• **Task item**
Start at the line in the entries below that contains "is achievable.", stop at the line that contains "codewords. A greedy", and output exactly the lines in that span, both ends included.

BEGIN Provided entries

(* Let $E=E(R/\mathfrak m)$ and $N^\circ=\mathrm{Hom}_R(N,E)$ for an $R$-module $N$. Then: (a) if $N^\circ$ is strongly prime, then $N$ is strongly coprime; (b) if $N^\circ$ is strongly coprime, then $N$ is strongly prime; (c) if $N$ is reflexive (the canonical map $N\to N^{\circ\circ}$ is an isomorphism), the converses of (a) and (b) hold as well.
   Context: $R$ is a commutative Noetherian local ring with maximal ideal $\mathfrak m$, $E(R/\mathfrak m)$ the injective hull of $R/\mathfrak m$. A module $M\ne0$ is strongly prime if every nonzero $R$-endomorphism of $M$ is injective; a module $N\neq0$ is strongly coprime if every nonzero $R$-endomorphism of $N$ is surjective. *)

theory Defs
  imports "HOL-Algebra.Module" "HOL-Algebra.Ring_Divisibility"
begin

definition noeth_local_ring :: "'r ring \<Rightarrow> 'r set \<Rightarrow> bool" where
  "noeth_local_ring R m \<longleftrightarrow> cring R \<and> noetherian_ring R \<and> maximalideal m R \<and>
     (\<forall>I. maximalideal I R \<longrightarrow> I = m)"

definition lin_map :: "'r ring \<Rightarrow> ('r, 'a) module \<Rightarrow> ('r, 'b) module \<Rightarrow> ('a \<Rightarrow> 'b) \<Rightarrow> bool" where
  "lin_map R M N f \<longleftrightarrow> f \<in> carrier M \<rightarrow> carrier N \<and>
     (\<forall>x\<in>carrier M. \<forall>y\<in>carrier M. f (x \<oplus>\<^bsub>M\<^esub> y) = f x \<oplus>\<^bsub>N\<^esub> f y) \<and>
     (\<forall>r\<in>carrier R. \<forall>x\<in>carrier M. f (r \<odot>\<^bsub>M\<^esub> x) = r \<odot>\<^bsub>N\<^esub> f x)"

END Provided entries
BEGIN Provided entries

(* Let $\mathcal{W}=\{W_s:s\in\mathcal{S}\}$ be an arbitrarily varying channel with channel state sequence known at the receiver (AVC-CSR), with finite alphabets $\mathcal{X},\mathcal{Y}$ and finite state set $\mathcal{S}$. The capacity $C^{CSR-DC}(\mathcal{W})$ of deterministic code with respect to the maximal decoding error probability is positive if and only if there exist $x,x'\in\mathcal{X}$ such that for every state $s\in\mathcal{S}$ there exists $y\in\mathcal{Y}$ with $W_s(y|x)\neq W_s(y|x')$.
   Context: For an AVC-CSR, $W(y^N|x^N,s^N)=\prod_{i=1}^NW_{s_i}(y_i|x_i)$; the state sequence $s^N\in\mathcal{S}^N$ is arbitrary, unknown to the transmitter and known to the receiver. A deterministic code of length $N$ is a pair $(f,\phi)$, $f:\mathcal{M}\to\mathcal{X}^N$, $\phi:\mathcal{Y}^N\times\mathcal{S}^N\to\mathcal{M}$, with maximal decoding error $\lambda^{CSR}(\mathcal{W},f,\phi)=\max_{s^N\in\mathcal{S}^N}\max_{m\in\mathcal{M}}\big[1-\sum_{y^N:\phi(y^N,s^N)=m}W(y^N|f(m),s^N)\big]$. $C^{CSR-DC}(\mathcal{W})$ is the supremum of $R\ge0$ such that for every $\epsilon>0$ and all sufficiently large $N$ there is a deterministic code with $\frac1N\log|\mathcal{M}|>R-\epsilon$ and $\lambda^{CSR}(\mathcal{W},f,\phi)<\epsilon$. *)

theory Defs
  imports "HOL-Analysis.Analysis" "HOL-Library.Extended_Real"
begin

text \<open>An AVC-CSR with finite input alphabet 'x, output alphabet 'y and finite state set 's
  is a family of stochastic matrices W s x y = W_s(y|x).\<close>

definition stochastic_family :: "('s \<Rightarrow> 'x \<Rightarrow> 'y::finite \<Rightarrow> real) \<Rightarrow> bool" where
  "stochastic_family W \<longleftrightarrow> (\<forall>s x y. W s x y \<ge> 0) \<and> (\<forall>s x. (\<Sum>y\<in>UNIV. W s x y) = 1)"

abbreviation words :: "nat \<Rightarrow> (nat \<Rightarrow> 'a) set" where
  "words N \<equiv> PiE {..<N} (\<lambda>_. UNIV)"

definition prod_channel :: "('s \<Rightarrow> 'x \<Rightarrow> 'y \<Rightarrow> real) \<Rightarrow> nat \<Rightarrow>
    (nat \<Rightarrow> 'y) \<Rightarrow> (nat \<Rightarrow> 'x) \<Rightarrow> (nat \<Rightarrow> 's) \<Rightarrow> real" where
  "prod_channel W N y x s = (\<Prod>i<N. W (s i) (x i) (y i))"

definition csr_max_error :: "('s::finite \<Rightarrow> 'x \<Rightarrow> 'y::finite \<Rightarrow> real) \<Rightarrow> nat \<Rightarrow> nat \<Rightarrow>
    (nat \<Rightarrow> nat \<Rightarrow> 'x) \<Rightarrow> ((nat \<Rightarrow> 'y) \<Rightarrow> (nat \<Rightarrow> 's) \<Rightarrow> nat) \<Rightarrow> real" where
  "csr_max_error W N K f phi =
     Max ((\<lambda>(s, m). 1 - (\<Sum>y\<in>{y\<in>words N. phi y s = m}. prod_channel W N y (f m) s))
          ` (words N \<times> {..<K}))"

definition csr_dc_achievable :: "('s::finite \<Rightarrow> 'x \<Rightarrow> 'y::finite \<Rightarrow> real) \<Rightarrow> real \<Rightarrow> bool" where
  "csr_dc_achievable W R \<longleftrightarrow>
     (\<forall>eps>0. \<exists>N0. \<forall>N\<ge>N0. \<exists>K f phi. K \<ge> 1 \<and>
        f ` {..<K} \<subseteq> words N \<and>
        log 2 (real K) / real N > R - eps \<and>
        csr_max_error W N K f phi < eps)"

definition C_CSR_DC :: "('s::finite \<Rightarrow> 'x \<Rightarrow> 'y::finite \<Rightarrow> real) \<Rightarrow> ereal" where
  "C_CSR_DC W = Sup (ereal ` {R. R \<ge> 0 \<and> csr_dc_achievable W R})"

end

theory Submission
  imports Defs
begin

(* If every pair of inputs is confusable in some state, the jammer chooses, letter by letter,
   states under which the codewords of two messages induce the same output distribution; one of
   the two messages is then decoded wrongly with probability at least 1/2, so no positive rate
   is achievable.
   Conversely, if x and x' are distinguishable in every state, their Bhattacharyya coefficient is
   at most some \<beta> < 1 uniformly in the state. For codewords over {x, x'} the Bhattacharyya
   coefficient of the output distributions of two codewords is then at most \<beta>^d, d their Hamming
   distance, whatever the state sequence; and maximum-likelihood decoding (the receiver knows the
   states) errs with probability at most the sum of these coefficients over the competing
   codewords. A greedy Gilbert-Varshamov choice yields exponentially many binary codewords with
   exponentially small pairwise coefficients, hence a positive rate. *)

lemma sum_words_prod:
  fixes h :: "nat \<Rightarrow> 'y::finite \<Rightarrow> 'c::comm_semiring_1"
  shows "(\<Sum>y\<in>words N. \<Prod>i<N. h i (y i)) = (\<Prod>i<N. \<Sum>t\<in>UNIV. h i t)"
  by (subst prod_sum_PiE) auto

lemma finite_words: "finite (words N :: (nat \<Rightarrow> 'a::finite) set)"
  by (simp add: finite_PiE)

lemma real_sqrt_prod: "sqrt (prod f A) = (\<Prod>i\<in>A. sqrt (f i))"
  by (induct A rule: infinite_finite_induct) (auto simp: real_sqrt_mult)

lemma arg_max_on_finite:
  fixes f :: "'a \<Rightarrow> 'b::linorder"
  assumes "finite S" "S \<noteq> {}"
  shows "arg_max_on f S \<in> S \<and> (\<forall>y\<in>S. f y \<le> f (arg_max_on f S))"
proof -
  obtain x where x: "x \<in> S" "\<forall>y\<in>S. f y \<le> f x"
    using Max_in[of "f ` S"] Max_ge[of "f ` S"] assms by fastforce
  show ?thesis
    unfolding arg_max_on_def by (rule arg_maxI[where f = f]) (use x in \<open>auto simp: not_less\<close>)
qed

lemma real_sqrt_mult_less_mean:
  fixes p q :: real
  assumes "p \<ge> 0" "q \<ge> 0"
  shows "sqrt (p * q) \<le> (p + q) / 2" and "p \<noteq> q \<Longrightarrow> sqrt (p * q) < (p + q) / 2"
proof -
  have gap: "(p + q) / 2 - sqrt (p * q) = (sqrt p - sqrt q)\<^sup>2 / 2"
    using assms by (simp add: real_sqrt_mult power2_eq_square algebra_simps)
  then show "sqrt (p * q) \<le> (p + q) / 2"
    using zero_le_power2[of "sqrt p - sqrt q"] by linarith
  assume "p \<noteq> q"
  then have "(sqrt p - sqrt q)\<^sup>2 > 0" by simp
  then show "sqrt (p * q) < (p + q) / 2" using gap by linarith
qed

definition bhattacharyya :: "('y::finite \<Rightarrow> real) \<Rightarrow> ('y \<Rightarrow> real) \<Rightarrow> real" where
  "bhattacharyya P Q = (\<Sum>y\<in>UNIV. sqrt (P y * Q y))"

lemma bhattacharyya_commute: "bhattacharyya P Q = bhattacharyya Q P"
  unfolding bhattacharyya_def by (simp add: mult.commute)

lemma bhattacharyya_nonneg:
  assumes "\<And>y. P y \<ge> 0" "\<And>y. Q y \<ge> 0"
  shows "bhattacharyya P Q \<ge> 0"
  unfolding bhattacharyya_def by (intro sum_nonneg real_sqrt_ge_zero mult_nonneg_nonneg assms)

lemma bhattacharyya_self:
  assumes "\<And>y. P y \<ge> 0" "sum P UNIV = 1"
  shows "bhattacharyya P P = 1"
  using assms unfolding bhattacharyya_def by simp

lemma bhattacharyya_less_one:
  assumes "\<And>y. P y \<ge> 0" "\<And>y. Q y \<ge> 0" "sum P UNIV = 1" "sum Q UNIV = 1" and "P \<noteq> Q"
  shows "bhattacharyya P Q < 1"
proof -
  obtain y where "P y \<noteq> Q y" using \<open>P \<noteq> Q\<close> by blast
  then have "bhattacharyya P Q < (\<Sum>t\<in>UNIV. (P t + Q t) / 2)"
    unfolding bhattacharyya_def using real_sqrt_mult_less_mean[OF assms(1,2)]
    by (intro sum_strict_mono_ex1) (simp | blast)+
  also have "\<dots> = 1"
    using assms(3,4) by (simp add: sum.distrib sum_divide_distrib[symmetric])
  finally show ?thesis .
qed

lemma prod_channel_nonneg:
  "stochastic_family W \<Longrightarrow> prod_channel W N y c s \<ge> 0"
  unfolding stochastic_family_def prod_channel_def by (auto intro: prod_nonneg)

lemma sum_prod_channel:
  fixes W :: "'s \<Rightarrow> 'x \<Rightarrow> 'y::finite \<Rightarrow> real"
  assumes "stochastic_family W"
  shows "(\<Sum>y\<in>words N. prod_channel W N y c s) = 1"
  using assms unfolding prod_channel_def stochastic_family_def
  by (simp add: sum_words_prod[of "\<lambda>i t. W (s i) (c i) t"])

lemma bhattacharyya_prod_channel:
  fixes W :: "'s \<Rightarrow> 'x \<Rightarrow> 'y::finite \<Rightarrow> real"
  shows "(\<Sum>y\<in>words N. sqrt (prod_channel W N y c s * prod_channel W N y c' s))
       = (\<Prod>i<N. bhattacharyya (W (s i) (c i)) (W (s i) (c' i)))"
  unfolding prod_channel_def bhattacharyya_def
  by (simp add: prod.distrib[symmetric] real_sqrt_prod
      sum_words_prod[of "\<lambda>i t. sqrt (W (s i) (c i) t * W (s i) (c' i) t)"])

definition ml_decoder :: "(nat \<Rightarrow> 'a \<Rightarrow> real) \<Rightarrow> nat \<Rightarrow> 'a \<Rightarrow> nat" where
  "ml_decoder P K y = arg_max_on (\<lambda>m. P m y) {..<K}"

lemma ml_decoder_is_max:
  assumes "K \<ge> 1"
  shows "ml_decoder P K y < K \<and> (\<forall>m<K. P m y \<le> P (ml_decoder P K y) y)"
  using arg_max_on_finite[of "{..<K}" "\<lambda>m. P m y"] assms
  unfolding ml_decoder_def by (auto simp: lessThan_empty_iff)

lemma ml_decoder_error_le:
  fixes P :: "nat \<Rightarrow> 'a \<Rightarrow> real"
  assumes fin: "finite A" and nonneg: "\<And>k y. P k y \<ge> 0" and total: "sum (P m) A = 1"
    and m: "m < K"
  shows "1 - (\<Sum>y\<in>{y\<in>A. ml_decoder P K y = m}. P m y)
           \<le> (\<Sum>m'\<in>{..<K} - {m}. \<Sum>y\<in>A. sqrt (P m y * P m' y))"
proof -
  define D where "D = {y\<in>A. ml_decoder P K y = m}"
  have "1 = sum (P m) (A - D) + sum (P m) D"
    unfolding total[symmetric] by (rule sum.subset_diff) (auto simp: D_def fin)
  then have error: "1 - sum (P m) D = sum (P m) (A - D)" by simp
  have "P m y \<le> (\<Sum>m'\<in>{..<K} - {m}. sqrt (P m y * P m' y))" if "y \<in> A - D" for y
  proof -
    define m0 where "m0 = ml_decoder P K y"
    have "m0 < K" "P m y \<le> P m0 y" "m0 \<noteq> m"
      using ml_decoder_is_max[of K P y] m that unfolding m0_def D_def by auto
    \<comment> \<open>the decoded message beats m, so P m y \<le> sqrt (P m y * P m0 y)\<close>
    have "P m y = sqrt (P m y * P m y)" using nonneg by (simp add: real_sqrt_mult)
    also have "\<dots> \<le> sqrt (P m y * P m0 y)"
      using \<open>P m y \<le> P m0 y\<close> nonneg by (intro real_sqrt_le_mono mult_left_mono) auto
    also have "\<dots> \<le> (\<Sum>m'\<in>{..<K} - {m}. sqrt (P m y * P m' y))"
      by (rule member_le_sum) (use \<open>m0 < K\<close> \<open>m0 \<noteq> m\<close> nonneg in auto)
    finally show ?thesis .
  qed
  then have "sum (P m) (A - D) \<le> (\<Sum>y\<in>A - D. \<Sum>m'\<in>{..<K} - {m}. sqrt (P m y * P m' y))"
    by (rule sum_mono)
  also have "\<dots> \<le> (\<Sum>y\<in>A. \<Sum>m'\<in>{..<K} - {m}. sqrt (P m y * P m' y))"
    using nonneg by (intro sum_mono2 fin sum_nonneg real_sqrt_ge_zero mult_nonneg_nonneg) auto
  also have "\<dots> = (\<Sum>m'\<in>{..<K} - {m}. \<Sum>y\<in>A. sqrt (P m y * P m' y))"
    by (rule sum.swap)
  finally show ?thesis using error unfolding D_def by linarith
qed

END Provided entries

• **Result of the task**
   is achievable.
   Conversely, if x and x' are distinguishable in every state, their Bhattacharyya coefficient is
   at most some \<beta> < 1 uniformly in the state. For codewords over {x, x'} the Bhattacharyya
   coefficient of the output distributions of two codewords is then at most \<beta>^d, d their Hamming
   distance, whatever the state sequence; and maximum-likelihood decoding (the receiver knows the
   states) errs with probability at most the sum of these coefficients over the competing
   codewords. A greedy Gilbert-Varshamov choice yields exponentially many binary codewords with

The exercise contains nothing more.